• _Exercise objective_
Select all lines holding the word "convexity" from the entries that follow.

Stored dataset items:
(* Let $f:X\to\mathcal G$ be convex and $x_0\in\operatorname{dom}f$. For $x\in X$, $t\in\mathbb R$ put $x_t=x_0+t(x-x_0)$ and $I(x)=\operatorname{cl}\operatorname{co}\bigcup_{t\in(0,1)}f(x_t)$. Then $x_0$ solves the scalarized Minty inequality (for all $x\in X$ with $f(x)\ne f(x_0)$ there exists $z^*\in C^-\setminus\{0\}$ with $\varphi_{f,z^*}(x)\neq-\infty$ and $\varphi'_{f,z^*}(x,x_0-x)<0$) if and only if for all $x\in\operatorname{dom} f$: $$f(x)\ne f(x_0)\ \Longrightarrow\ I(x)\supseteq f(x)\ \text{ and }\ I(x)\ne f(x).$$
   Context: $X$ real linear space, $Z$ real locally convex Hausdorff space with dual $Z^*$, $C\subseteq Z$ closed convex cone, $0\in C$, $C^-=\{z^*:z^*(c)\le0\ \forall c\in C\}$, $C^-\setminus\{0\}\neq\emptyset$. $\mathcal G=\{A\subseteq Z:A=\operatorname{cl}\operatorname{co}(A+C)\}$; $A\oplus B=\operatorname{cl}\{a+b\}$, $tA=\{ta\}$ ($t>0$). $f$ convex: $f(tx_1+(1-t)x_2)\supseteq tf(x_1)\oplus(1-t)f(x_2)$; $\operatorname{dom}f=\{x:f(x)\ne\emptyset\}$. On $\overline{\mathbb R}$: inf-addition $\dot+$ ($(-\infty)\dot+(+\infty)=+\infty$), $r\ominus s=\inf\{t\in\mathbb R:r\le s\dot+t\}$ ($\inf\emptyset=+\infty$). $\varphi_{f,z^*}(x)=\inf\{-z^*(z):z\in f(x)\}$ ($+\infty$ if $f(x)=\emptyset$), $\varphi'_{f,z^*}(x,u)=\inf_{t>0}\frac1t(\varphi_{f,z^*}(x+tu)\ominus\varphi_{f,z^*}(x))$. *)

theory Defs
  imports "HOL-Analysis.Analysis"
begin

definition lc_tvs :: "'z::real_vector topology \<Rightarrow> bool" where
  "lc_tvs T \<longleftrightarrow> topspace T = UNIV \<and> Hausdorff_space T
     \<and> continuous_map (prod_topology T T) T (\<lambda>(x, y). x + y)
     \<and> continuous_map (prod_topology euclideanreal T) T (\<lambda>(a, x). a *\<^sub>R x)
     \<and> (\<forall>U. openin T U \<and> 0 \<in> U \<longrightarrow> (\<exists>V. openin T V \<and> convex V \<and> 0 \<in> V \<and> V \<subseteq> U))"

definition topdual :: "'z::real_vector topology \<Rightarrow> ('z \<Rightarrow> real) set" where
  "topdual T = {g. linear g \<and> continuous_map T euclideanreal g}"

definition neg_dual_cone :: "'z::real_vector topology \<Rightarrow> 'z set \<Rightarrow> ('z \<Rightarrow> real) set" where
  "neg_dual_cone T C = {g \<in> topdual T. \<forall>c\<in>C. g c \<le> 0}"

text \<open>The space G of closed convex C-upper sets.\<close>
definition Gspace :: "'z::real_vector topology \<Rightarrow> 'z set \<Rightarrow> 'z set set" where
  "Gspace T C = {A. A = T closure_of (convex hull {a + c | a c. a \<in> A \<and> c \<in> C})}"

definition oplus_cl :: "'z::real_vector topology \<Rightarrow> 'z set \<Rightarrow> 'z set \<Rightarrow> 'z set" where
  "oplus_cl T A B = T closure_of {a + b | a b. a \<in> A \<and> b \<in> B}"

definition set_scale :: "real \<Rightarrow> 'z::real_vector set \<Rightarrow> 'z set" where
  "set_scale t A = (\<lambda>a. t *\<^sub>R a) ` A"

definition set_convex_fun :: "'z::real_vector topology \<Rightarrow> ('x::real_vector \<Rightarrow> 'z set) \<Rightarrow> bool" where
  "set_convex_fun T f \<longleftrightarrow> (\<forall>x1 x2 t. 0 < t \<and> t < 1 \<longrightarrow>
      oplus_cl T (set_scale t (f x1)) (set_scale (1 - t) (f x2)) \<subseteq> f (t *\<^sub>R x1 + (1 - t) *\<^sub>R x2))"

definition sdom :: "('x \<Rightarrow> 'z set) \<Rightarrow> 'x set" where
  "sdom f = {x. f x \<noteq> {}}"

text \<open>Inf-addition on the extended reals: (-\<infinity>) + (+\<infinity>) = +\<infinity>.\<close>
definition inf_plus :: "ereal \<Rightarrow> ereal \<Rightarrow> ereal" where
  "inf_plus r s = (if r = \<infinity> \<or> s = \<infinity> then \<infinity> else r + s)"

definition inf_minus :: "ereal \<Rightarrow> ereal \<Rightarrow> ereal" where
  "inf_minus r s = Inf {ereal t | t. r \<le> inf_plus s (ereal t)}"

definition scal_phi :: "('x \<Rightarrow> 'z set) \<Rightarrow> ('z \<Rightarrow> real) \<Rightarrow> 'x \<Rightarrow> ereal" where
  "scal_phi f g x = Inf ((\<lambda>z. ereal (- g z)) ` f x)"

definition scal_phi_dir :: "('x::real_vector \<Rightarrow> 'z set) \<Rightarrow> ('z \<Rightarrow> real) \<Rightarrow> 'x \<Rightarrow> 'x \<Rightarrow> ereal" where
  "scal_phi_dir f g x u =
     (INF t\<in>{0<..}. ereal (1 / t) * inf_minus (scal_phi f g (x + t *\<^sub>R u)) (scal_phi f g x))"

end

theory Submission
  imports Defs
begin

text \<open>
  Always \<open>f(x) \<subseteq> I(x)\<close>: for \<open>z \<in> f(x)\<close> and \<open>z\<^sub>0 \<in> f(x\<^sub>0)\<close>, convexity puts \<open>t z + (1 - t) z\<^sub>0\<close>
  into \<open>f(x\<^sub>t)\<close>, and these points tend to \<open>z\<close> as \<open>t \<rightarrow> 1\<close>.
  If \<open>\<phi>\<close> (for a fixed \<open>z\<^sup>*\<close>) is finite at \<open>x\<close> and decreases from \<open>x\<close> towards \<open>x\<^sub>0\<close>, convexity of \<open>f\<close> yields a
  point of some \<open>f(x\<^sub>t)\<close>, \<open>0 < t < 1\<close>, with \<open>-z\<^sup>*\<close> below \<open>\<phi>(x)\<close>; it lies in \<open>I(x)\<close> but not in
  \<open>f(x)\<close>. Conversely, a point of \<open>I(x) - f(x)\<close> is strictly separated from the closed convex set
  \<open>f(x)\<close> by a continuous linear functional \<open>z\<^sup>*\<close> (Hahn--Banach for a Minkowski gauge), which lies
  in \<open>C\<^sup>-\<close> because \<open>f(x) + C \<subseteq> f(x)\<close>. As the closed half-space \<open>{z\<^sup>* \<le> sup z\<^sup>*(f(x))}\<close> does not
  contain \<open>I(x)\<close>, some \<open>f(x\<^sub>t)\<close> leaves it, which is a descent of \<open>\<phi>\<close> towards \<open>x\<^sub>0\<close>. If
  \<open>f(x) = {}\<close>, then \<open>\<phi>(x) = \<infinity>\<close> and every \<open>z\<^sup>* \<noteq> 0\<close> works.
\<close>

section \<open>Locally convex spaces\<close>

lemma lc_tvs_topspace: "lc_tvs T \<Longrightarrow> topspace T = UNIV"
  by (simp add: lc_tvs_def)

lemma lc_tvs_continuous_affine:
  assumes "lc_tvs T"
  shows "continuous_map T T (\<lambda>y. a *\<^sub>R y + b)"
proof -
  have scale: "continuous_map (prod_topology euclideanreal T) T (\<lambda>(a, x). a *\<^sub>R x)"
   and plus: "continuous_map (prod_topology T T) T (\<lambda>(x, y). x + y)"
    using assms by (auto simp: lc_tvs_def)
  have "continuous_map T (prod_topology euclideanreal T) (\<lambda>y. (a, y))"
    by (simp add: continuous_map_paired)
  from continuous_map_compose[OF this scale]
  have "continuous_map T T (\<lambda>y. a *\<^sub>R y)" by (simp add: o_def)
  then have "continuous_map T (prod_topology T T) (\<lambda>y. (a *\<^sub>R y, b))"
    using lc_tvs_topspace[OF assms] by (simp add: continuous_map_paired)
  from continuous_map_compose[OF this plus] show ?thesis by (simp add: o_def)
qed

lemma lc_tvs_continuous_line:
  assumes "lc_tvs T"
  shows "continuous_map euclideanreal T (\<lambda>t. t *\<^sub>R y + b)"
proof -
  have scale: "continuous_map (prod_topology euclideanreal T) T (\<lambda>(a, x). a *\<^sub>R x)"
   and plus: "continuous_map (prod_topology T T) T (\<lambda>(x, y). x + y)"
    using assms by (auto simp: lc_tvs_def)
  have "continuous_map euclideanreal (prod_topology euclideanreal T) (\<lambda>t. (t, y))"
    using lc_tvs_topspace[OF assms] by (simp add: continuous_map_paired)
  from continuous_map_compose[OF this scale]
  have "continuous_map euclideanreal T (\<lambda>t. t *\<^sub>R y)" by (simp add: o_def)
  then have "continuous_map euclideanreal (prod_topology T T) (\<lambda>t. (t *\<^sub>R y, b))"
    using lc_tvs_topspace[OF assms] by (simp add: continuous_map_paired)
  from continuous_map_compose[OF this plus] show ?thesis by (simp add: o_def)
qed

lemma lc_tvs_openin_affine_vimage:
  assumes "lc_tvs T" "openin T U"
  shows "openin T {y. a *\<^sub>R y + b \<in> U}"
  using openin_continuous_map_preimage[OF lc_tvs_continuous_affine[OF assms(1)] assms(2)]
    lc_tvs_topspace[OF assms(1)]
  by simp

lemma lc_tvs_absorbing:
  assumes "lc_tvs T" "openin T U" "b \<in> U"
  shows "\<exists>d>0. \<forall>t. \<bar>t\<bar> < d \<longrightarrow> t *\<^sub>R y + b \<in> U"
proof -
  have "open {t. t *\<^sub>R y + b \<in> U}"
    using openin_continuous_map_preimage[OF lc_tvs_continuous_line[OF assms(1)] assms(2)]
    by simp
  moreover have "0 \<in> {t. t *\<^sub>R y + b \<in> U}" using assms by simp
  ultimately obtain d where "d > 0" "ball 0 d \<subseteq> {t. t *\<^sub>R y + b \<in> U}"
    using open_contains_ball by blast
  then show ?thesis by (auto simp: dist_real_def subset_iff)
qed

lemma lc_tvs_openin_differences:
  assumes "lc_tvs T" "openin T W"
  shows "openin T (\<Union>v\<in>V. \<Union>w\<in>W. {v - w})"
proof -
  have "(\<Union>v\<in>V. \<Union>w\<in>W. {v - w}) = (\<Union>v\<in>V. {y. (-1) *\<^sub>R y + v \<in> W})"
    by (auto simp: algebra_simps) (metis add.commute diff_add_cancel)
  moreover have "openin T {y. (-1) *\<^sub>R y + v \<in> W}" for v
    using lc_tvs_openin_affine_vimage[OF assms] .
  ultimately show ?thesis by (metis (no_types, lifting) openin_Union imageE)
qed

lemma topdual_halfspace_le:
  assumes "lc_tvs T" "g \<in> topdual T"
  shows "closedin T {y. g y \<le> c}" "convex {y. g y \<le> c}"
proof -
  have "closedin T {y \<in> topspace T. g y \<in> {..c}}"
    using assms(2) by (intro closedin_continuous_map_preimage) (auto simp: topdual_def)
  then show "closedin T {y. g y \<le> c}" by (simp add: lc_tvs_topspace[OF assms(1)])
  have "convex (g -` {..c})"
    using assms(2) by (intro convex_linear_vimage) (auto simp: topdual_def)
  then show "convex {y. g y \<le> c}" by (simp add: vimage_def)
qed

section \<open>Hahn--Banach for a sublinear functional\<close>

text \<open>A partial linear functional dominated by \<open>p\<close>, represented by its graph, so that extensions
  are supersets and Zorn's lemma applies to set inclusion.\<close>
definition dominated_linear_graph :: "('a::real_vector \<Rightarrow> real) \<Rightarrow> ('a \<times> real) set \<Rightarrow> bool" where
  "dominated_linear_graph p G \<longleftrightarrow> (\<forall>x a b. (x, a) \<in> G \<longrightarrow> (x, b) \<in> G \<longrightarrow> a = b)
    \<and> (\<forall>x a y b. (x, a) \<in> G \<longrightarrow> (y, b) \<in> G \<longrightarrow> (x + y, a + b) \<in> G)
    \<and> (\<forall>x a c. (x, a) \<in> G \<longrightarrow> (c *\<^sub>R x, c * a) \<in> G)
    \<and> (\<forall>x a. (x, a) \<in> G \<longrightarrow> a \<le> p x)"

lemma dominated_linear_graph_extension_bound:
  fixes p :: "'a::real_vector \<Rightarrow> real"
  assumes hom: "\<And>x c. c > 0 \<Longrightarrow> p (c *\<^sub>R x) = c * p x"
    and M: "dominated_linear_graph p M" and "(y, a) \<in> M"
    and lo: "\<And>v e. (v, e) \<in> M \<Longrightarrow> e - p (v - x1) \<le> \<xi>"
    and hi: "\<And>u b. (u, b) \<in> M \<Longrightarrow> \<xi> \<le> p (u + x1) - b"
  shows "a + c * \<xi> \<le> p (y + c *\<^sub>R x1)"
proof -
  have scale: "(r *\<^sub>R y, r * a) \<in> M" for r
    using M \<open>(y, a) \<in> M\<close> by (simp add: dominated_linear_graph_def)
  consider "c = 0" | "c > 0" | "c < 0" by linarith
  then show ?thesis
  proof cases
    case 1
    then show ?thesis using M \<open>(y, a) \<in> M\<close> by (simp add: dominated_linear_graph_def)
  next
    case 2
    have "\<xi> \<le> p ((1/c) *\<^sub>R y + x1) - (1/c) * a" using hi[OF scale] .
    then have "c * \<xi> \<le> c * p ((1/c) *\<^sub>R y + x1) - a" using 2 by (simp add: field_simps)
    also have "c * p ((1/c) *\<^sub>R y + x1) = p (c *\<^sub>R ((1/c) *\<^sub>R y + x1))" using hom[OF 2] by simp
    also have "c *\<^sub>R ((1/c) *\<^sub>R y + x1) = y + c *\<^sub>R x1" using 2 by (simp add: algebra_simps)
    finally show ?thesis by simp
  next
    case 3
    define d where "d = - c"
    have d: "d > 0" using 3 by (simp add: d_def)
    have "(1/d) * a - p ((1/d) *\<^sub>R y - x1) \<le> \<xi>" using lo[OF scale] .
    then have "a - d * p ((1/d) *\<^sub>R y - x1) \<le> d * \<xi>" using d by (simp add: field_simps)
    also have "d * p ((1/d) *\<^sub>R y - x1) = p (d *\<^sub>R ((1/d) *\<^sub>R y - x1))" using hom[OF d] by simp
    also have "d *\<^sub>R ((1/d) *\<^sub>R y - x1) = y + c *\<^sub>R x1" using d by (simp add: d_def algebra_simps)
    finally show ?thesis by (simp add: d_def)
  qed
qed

• _Exercise output_
  Always \<open>f(x) \<subseteq> I(x)\<close>: for \<open>z \<in> f(x)\<close> and \<open>z\<^sub>0 \<in> f(x\<^sub>0)\<close>, convexity puts \<open>t z + (1 - t) z\<^sub>0\<close>
  If \<open>\<phi>\<close> (for a fixed \<open>z\<^sup>*\<close>) is finite at \<open>x\<close> and decreases from \<open>x\<close> towards \<open>x\<^sub>0\<close>, convexity of \<open>f\<close> yields a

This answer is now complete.